Bill slowly took his hand away from her face, and she drew in a sharp breath. He moved off her and stood, straightening his shirt.
“You promised not to disappoint me, Margaux.”
He left before she had time to respond, slamming the door behind him without glancing back.
*
It was very quiet for a few minutes. Margaux strained to hear something, anything, but either they weren’t yet talking, or they had gone outside.
Then suddenly, so loudly it startled her, in a voice that was undeniably Bill’s:
“You
irresponsible cunt!”
There was a crash, then a yell.
She pressed her ear against the door, biting her lip.
“What did I tell you? What did I
fucking tell you?”
“Bill, mate, I don’t know how the bitch got it-”
“We both know
exactly how she got it, you lying prick.
You left the fucking thing in the kitchen.
Right out in the open.
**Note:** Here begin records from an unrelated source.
(* Let $\underline{\mathbb{G}}=(\mathbb{G},\mathcal{V},\omega_{\mathcal{V}},\mathcal{F},\omega_{\mathcal{F}})$ be a packaged ribbon graph and $\Gamma$ a finite group whose irreducible representations have dimensions $n_1,\dots,n_k$. Then: (1) when $x=1$, $y=-|\Gamma|$, $x_g=1$ and $y_g=-\frac{1}{|\Gamma|}\sum_{i=1}^k n_i^{2-2g}$ for all indices $g$, we have $q_\Gamma(\underline{\mathbb{G}}_\mathcal{V})=(-1)^{e(\mathbb{G})-|\mathcal{V}|}\boldsymbol{T}(\underline{\mathbb{G}};\boldsymbol{x},\boldsymbol{y})$; (2) when $x=-|\Gamma|$, $y=1$, $x_g=-\frac{1}{|\Gamma|}\sum_{i=1}^k n_i^{2-2g}$ and $y_g=1$ for all indices $g$, we have $p_\Gamma(\underline{\mathbb{G}}_\mathcal{F})=(-1)^{e(\mathbb{G})-|\mathcal{F}|}\boldsymbol{T}(\underline{\mathbb{G}};\boldsymbol{x},\boldsymbol{y})$.
   Context: All ribbon graphs are orientable. A ribbon graph $\mathbb{G}=(V,E)$ is an orientable surface with boundary formed as a union of discs $V$ (vertices) and discs $E$ (edges) meeting in disjoint arcs, each arc on the boundary of exactly one vertex and one edge, each edge containing two arcs. For ribbon graphs $v,e,f,k$ count vertices, edges, boundary components, components; for graphs $v,e,k$ likewise and nullity $n=e-v+k$. $\mathbb{G}|A$ is the spanning ribbon subgraph on $A\subseteq E$, $A^c=E\setminus A$; $\mathbb{G}/A$ contracts the edges of $A$ (contracting $e$ with ends $u,v$: attach discs to the boundary curves of $e\cup u\cup v$ as new vertices, remove $e,u,v$), boundary components correspond naturally. The dual $\mathbb{G}^*$ has as vertices discs capping the boundary components of $\mathbb{G}$, same edges; vertices of $\mathbb{G}^*$ are identified with boundary components of $\mathbb{G}$. A packaged ribbon graph $\underline{\mathbb{G}}=(\mathbb{G},\mathcal{V},\omega_{\mathcal{V}},\mathcal{F},\omega_{\mathcal{F}})$: $\mathcal{V}$ a partition of the vertices, $\mathcal{F}$ a partition of the boundary components (equivalently of the vertices of $\mathbb{G}^*$), $\omega_{\mathcal{V}}:\mathcal{V}\to\mathbb{N}_0$, $\omega_{\mathcal{F}}:\mathcal{F}\to\mathbb{N}_0$; $\omega(\cdot)$ of a set of blocks is the total weight, $\omega_{\mathcal{V}}(\mathbb{G})$, $\omega_{\mathcal{F}}(\mathbb{G})$ the totals. $\underline{\mathbb{G}}_\mathcal{V}=(\mathbb{G},\mathcal{V},\omega_{\mathcal{V}})$, $\underline{\mathbb{G}}_\mathcal{F}=(\mathbb{G},\mathcal{F},\omega_{\mathcal{F}})$. Packaging: for a ribbon graph $\mathbb{H}$ with vertex partition $\mathcal{P}$, $G(\mathbb{H};\mathcal{P})$ has vertex set $\mathcal{P}$ and an edge $([u],[v])$ for each edge $(u,v)$ of $\mathbb{H}$. For a subgraph $K$, $\mathbb{H}[K]$ is the ribbon subgraph with all vertices in blocks that are vertices of $K$ and edges corresponding to those of $K$; $f(\mathbb{H}[K])$ its number of boundary components. Packaged surface Tutte polynomial, $\boldsymbol{x}=(x,x_0,x_{1/2},x_1,\dots)$, $\boldsymbol{y}=(y,y_0,y_{1/2},y_1,\dots)$: \[\boldsymbol{T}(\underline{\mathbb{G}};\boldsymbol{x},\boldsymbol{y})= \sum_{A\subseteq E} x^{n(G(\mathbb{G}^*|A^c;\mathcal{F}))}y^{n(G(\mathbb{G}|A;\mathcal{V}))}\prod_{H \text{ cpt. of } G(\mathbb{G}^*|A^c;\mathcal{F})}x_{g(\mathbb{G}^*,H)}\prod_{K \text{ cpt. of } G(\mathbb{G}|A;\mathcal{V})}y_{g(\mathbb{G},K)},\] with $g(\mathbb{G},K)=\tfrac12(2k(K)+e(K)-v(K)+\omega_{\mathcal{V}}(K)-f(\mathbb{G}[K]))$ and $g(\mathbb{G}^*,H)=\tfrac12(2k(H)+e(H)-v(H)+\omega_{\mathcal{F}}(H)-f(\mathbb{G}^*[H]))$. Flow/tension counts: for a subgraph $K$ of $G(\mathbb{G};\mathcal{V})$, $\underline{\mathbb{G}}_\mathcal{V}[K]=(\mathbb{G}[K],\mathcal{V}',\omega'_{\mathcal{V}})$ with restricted partition/weights; for a subgraph $H$ of $G(\mathbb{G}^*;\mathcal{F})$, $\underline{\mathbb{G}}_\mathcal{F}[H]=((\mathbb{G}^*[H])^*,\mathcal{F}',\omega'_{\mathcal{F}})$ with restricted partition/weights. If $G(\mathbb{G};\mathcal{V})$ is connected, $q^1_\Gamma(\underline{\mathbb{G}}_\mathcal{V})=|\Gamma|^{e(\mathbb{G})-|\mathcal{V}|}\sum_i n_i^{f(\mathbb{G})-e(\mathbb{G})+|\mathcal{V}|-\omega_{\mathcal{V}}(\mathbb{G})}$, otherwise the product of $q^1_\Gamma(\underline{\mathbb{G}}_\mathcal{V}[K])$ over components $K$; $q_\Gamma(\underline{\mathbb{G}}_\mathcal{V})=\sum_{A\subseteq E}(-1)^{|A^c|}q^1_\Gamma((\mathbb{G}|A,\mathcal{V},\omega_{\mathcal{V}}))$. If $G(\mathbb{G}^*;\mathcal{F})$ is connected, $p^1_\Gamma(\underline{\mathbb{G}}_\mathcal{F})=|\Gamma|^{e(\mathbb{G})-|\mathcal{F}|}\sum_i n_i^{v(\mathbb{G})-e(\mathbb{G})+|\mathcal{F}|-\omega_{\mathcal{F}}(\mathbb{G})}$, otherwise the product of $p^1_\Gamma(\underline{\mathbb{G}}_\mathcal{F}[H])$ over components $H$; $p_\Gamma(\underline{\mathbb{G}}_\mathcal{F})=\sum_{A\subseteq E}(-1)^{|A^c|}p^1_\Gamma((\mathbb{G}/A^c,\mathcal{F},\omega_{\mathcal{F}}))$. *)

theory Defs
  imports Complex_Main "Jordan_Normal_Form.Matrix" "HOL-Algebra.Group" "HOL-Library.Disjoint_Sets"
begin
lemma cbv_reflects_d_v_steps:
  "bclosure boxes root_d (cbv M) S0 \<Longrightarrow> bclosure boxes root_v S0 S \<Longrightarrow>
    \<exists>M'. S = cbv M' \<and> lclosure boxes True root_betav M M'"
proof (induction M arbitrary: S0 S)
  case (Var i)
  then show ?case
    by (auto elim!: bclosure_BoxE bclosure_BVarE)
next
  case (Lam P)
  from Lam.prems(1) obtain T where "boxes" "S0 = Box (BLam T)" "bclosure boxes root_d (cbv P) T"
    by (auto elim!: bclosure_BoxE bclosure_BLamE)
  moreover from Lam.prems(2) this(2) obtain U where "S = Box (BLam U)" "bclosure boxes root_v T U"
    by (auto elim!: bclosure_BoxE bclosure_BLamE)
  ultimately obtain P' where "S = cbv (Lam P')" "lclosure boxes True root_betav P P'"
    using Lam.IH by fastforce
  with \<open>boxes\<close> show ?case
    by (blast intro: lclosure.lam)
next
  case (App P N)
  from App.prems(1) consider
      (fire) "is_value P" "S0 = BApp (cbv_unboxed P) (cbv N)"
    | (left) T where "S0 = BApp (Der T) (cbv N)" "bclosure boxes root_d (cbv P) T"
    | (right) T where "S0 = BApp (Der (cbv P)) T" "bclosure boxes root_d (cbv N) T"
    by (auto elim!: bclosure_BAppE bclosure_DerE simp: cbv_eq_Box)
  then show ?case
  proof cases
    case fire
    with App.prems(2) show ?thesis
      by (blast dest: cbv_reflects_fired_redex intro: lclosure.root)
  next
    case (left T)
    with App.prems(2) obtain T' where "S = BApp (Der T') (cbv N)" "bclosure boxes root_v T T'"
      using cbv_no_v_step by (blast dest: bclosure_v_BApp_DerE)
    with left App.IH(1) obtain P' where "T' = cbv P'" "lclosure boxes True root_betav P P'"
      by blast
    with \<open>S = _\<close> show ?thesis
      by (auto intro!: exI[of _ "App P' N"] lclosure.app_left)
  next
    case (right T)
    with App.prems(2) obtain T' where "S = BApp (Der (cbv P)) T'" "bclosure boxes root_v T T'"
      using cbv_no_v_step by (blast dest: bclosure_v_BApp_DerE)
    with right App.IH(2) obtain N' where "T' = cbv N'" "lclosure boxes True root_betav N N'"
      by blast
    with \<open>S = _\<close> show ?thesis
      by (auto intro!: exI[of _ "App P N'"] lclosure.app_right)
  qed
qed

theorem mainTheorem1:
  fixes M :: lterm
  shows
   "((\<forall>M'. beta M M' \<longrightarrow> step_v (cbn M) (cbn M') \<and> step_b (cbn M) (cbn M')) \<and>
     (\<forall>S. step_b (cbn M) S \<longrightarrow> step_v (cbn M) S \<and> (\<exists>M'. S = cbn M' \<and> beta M M')))
  \<and> ((\<forall>M'. wbeta M M' \<longrightarrow> wstep_v (cbn M) (cbn M') \<and> wstep_b (cbn M) (cbn M')) \<and>
     (\<forall>S. wstep_b (cbn M) S \<longrightarrow> wstep_v (cbn M) S \<and> (\<exists>M'. S = cbn M' \<and> wbeta M M')))
  \<and> ((\<forall>M'. betav M M' \<longrightarrow> (\<exists>S0. step_d (cbv M) S0 \<and> step_v S0 (cbv M'))
                          \<and> (\<exists>S0. step_b (cbv M) S0 \<and> step_b S0 (cbv M'))) \<and>
     (\<forall>S0 S. step_d (cbv M) S0 \<and> step_v S0 S \<longrightarrow> (\<exists>M'. S = cbv M' \<and> betav M M')))
  \<and> ((\<forall>M'. wbetav M M' \<longrightarrow> (\<exists>S0. wstep_d (cbv M) S0 \<and> wstep_v S0 (cbv M'))
                          \<and> (\<exists>S0. wstep_b (cbv M) S0 \<and> wstep_b S0 (cbv M'))) \<and>
     (\<forall>S0 S. wstep_d (cbv M) S0 \<and> wstep_v S0 S \<longrightarrow> (\<exists>M'. S = cbv M' \<and> wbetav M M')))"
proof -
  have v_is_b: "bclosure boxes root_v T S \<Longrightarrow> bclosure boxes root_b T S"
    and d_is_b: "bclosure boxes root_d T S \<Longrightarrow> bclosure boxes root_b T S" for boxes T S
    by (auto elim: bclosure_mono simp: root_b_def)
  note cbn = cbn_simulates_beta cbn_reflects_b_steps
  note cbv = cbv_simulates_betav cbv_reflects_d_v_steps
  show ?thesis
    unfolding bstep_eq_bclosure bwstep_eq_bclosure
      beta_eq_lclosure wbeta_eq_lclosure betav_eq_lclosure wbetav_eq_lclosure
    using cbn[where boxes = True] cbn[where boxes = False]
      cbv[where boxes = True] cbv[where boxes = False] v_is_b d_is_b
    by meson
qed

end
lemma shift_diff_decreasing_beyond_repeated_value:
  assumes f: "strongly_hyperbolic f" and "0 < A" "0 < A'" "0 < d"
    and "0 < u1" "u1 < u2" "shift_diff f A A' d u1 = shift_diff f A A' d u2"
    and "u2 \<le> x" "x < y"
  shows "shift_diff f A A' d y < shift_diff f A A' d x"
proof -
  have der: "(shift_diff f A A' d has_real_derivative shift_diff (deriv f) A A' d t) (at t)"
    if "u1 \<le> t" for t
    using shift_diff_has_real_derivative[OF f _ \<open>0 < d\<close>] assms that by simp
  obtain p where p: "u1 < p" "p < u2" "shift_diff (deriv f) A A' d p = 0"
    using Rolle_has_real_derivative[OF \<open>u1 < u2\<close> assms(7) der] by auto
  show ?thesis
  proof (rule DERIV_neg_imp_decreasing[OF \<open>x < y\<close>])
    fix t assume "x \<le> t" "t \<le> y"
    then have "p < t"
      using p assms by simp
    then have "shift_diff (deriv f) A A' d t < 0"
      using shift_diff_deriv_neg_beyond[OF f assms(2-4), of p t] p assms by simp
    moreover have "u1 \<le> t"
      using \<open>p < t\<close> p by simp
    ultimately show "\<exists>D. (shift_diff f A A' d has_real_derivative D) (at t) \<and> D < 0"
      using der by blast
  qed
qed

definition shift_level :: "(real \<Rightarrow> real) \<Rightarrow> real \<Rightarrow> real \<Rightarrow> real \<Rightarrow> real \<Rightarrow> real set" where
  "shift_level f A A' d K = {u. 0 < u \<and> shift_diff f A A' d u = K}"

lemma shift_level_card_le_2:
  assumes "strongly_hyperbolic f" and "0 < A" "0 < A'" "0 < d"
  shows "finite (shift_level f A A' d K) \<and> card (shift_level f A A' d K) \<le> 2"
proof (rule card_le_2_if_no_increasing_triple)
  fix u1 u2 u3
  assume "u1 \<in> shift_level f A A' d K" "u2 \<in> shift_level f A A' d K" "u3 \<in> shift_level f A A' d K"
    and "u1 < u2" "u2 < u3"
  then show False
    using shift_diff_decreasing_beyond_repeated_value[OF assms, of u1 u2 u2 u3]
    by (simp add: shift_level_def)
qed

(* Beyond its second solution the function decreases strictly, so it stays below K <= 0,
   contradicting its limit 0. *)
lemma shift_level_nonpos_card_le_1:
  assumes f: "strongly_hyperbolic f" and "0 < A" "0 < A'" "0 < d" and "K \<le> 0"
  shows "finite (shift_level f A A' d K) \<and> card (shift_level f A A' d K) \<le> 1"
proof (rule card_le_1_if_no_increasing_pair)
  fix u1 u2
  assume "u1 \<in> shift_level f A A' d K" "u2 \<in> shift_level f A A' d K" "u1 < u2"
  then have u: "0 < u1" "u1 < u2" "shift_diff f A A' d u1 = K" "shift_diff f A A' d u2 = K"
    by (simp_all add: shift_level_def)
  let ?\<phi> = "shift_diff f A A' d"
  have dec: "?\<phi> y < ?\<phi> x" if "u2 \<le> x" "x < y" for x y
    using shift_diff_decreasing_beyond_repeated_value[OF assms(1-4), of u1 u2 x y] u that by simp
  have "?\<phi> (u2 + 1) < 0"
    using dec[of u2 "u2 + 1"] u \<open>K \<le> 0\<close> by simp
  moreover have "((\<lambda>x. A' * f x) \<longlongrightarrow> 0) at_top"
    using tendsto_mult_left[OF strongly_hyperbolic_tendsto_0[OF f], of A'] by simp
  ultimately have "eventually (\<lambda>x. A' * f x < - ?\<phi> (u2 + 1)) at_top"
    using order_tendstoD(2) by (metis neg_0_less_iff_less)
  then obtain N where N: "\<And>x. N \<le> x \<Longrightarrow> A' * f x < - ?\<phi> (u2 + 1)"
    unfolding eventually_at_top_linorder by blast
  define x where "x = max N (u2 + 2)"
  have x: "N \<le> x" "u2 + 1 < x" "0 < x + d"
    using u \<open>0 < d\<close> by (auto simp: x_def)
  have "0 < A * f (x + d)"
    using strongly_hyperbolic_pos[OF f x(3)] assms by simp
  then have "?\<phi> (u2 + 1) < ?\<phi> x"
    using N[OF x(1)] by (simp add: shift_diff_def)
  moreover have "?\<phi> x < ?\<phi> (u2 + 1)"
    using dec[OF _ x(2)] by simp
  ultimately show False
    by simp
qed
lemma sum_le_if_sum_choose_le:
  fixes r :: "'b \<Rightarrow> nat" and m :: real
  assumes "finite D" "1 \<le> n" "1 \<le> m" "real (card D) \<le> m"
    and choose_sum: "(\<Sum>b\<in>D. real (r b choose n)) \<le> real n * real (p choose n)"
    and lower: "real p * (real (Suc n) * m powr (1 - 1 / real (Suc n))) \<le> (\<Sum>b\<in>D. real (r b))"
  shows "(\<Sum>b\<in>D. real (r b)) \<le> real (Suc n) * real (card D)"
proof (rule ccontr)
  define R where "R = (\<Sum>b\<in>D. real (r b))"
  define d where "d = real (card D)"
  define M where "M = m powr (1 - 1 / real (Suc n))"
  define Z where "Z = (\<Sum>b\<in>D. max 0 (real (r b) - real n + 1))"
  assume "\<not> R \<le> real (Suc n) * d"
  then have R_gt: "real (Suc n) * d < R" by (simp add: R_def d_def)
  then have "2 * R \<le> real (Suc n) * Z"
    using sum_truncated_ge[OF assms(1,2)] by (simp add: R_def d_def Z_def)
  have "0 \<le> real (Suc n) * d" by (simp add: d_def)
  with R_gt have "0 < R" by linarith
  then have "0 < d" using assms(1) by (auto simp: R_def d_def card_gt_0_iff)
  from \<open>0 < R\<close> \<open>2 * R \<le> _\<close> have "0 < Z"
    by (smt (verit) of_nat_0_le_iff mult_nonneg_nonpos)
  have "real (Suc n) * (2 * real p * M) = 2 * (real p * (real (Suc n) * M))"
    by (simp only: ac_simps)
  also have "\<dots> \<le> real (Suc n) * Z" using lower \<open>2 * R \<le> _\<close> unfolding R_def M_def by linarith
  finally have "2 * real p * M \<le> Z" by simp
  have "d * (Z / d) ^ n \<le> fact n * (\<Sum>b\<in>D. real (r b choose n))"
    using card_mult_mean_power_le_sum_choose[OF assms(1)] \<open>0 < Z\<close> by (simp add: Z_def d_def)
  also have "\<dots> \<le> real n * (fact n * real (p choose n))"
    using choose_sum by (simp add: mult.left_commute)
  also have "\<dots> \<le> real n * real p ^ n"
    by (intro mult_left_mono fact_mult_choose_le_power) auto
  finally have upper: "d * (Z / d) ^ n \<le> real n * real p ^ n" .
  have "0 < d * (Z / d) ^ n" using \<open>0 < d\<close> \<open>0 < Z\<close> by simp
  then have "0 < p" using upper assms(2) by (cases p) (auto simp: zero_power)
  have "real p ^ n * real n < real p ^ n * (d * (2 * M / d) ^ n)"
    using exponent_lt_mean_power[of n m d] assms \<open>0 < d\<close> \<open>0 < p\<close> by (simp add: M_def d_def)
  also have "\<dots> = d * (2 * real p * M / d) ^ n"
    by (simp add: power_mult_distrib power_divide)
  also have "\<dots> \<le> d * (Z / d) ^ n"
    using \<open>2 * real p * M \<le> Z\<close> \<open>0 < d\<close> assms(3)
    by (intro mult_left_mono power_mono divide_right_mono) (auto simp: M_def)
  finally show False using upper by (simp add: mult.commute)
qed

definition heavy :: "('a \<times> 'a) set \<Rightarrow> real \<Rightarrow> 'a \<Rightarrow> 'a \<Rightarrow> bool" where
  "heavy E T u u' \<longleftrightarrow> u \<noteq> u' \<and> T < real (codegA E u u')"

definition conflict :: "('a \<times> 'a) set \<Rightarrow> real \<Rightarrow> 'a \<times> 'a \<Rightarrow> 'a \<times> 'a \<Rightarrow> bool" where
  "conflict E T e e' \<longleftrightarrow> snd e = snd e' \<and> heavy E T (fst e) (fst e')"

lemma codegA_commute: "codegA E u u' = codegA E u' u"
  by (simp add: codegA_def conj_commute)

lemma conflict_sym: "conflict E T e e' \<Longrightarrow> conflict E T e' e"
  by (auto simp: conflict_def heavy_def codegA_commute)

lemma conflict_irrefl: "\<not> conflict E T e e"
  by (simp add: conflict_def heavy_def)

lemma codegA_mono: "finite E \<Longrightarrow> E' \<subseteq> E \<Longrightarrow> codegA E' u u' \<le> codegA E u u'"
  unfolding codegA_def
  by (rule card_mono, rule finite_subset[of _ "snd ` E"]) force+

lemma codegA_le_if_conflict_free:
  assumes "finite E" "I \<subseteq> E" "\<forall>e\<in>I. \<forall>e'\<in>I. \<not> conflict E T e e'" "u \<noteq> u'" "0 \<le> T"
  shows "real (codegA I u u') \<le> T"
proof (cases "heavy E T u u'")
  case True
  then have "{b. (u, b) \<in> I \<and> (u', b) \<in> I} = {}"
    using assms(3) by (force simp: conflict_def)
  then have "codegA I u u' = 0" by (simp only: codegA_def card.empty)
  then show ?thesis using assms(5) by simp
next
  case False
  then have "real (codegA E u u') \<le> T" using assms(4) by (simp add: heavy_def)
  moreover have "real (codegA I u u') \<le> real (codegA E u u')"
    using codegA_mono[OF assms(1,2)] by simp
  ultimately show ?thesis by linarith
qed

lemma sum_card_filter_swap:
  "finite X \<Longrightarrow> finite Y \<Longrightarrow> (\<Sum>x\<in>X. card {y\<in>Y. R x y}) = (\<Sum>y\<in>Y. card {x\<in>X. R x y})"
  unfolding card_eq_sum by (rule sum.swap_restrict)

lemma card_common_neighbours_le:
  assumes "bipartite_graph A B E" "\<not> contains_Kkk A B E (Suc n)" "S \<subseteq> A" "card S = Suc n"
  shows "card {b. \<forall>u\<in>S. (u, b) \<in> E} \<le> n"
proof (rule ccontr)
  obtain u where "u \<in> S" using assms(4) by fastforce
  then have common_B: "{b. \<forall>u\<in>S. (u, b) \<in> E} \<subseteq> B"
    using assms(1) by (auto simp: bipartite_graph_def)
  assume "\<not> card {b. \<forall>u\<in>S. (u, b) \<in> E} \<le> n"
  then obtain T where T: "T \<subseteq> {b. \<forall>u\<in>S. (u, b) \<in> E}" "card T = Suc n"
    using obtain_subset_with_card_n[of "Suc n" "{b. \<forall>u\<in>S. (u, b) \<in> E}"] by force
  moreover have "S \<times> T \<subseteq> E" using T(1) by blast
  ultimately have "contains_Kkk A B E (Suc n)"
    using common_B assms(3,4) unfolding contains_Kkk_def by (intro exI[of _ S] exI[of _ T]) auto
  with assms(2) show False ..
qed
I’m amazed she didn’t notice it sooner!”
“It was a mistake, mate-”
“Don’t you fucking
insult me, Rob.
A mistake? Are you trying to be fucking
funny? If the battery hadn’t conked out, the girl would have called the police. We’d’ve been in handcuffs before we knew what was going on! Both of us in the lockbox for eight years, at the very
least, over
one fucking mistake.”
There was a long silence. Margaux moved back from the door and sat down on the bed.
He’d been furious. Really furious.
She had expected as much. Her little discovery might have cost him his freedom, after all.
Margaux lay on the bed, curling into the fetal position.
The side of her face was beginning to ache. The adrenaline must have been wearing off. She wondered dimly if she’d have bruises in the morning. The salt tang of blood in her mouth surprised her, and she raised a hand to her lip to find that the cut there had reopened. Oh yes, she’d be a pretty mess come daylight.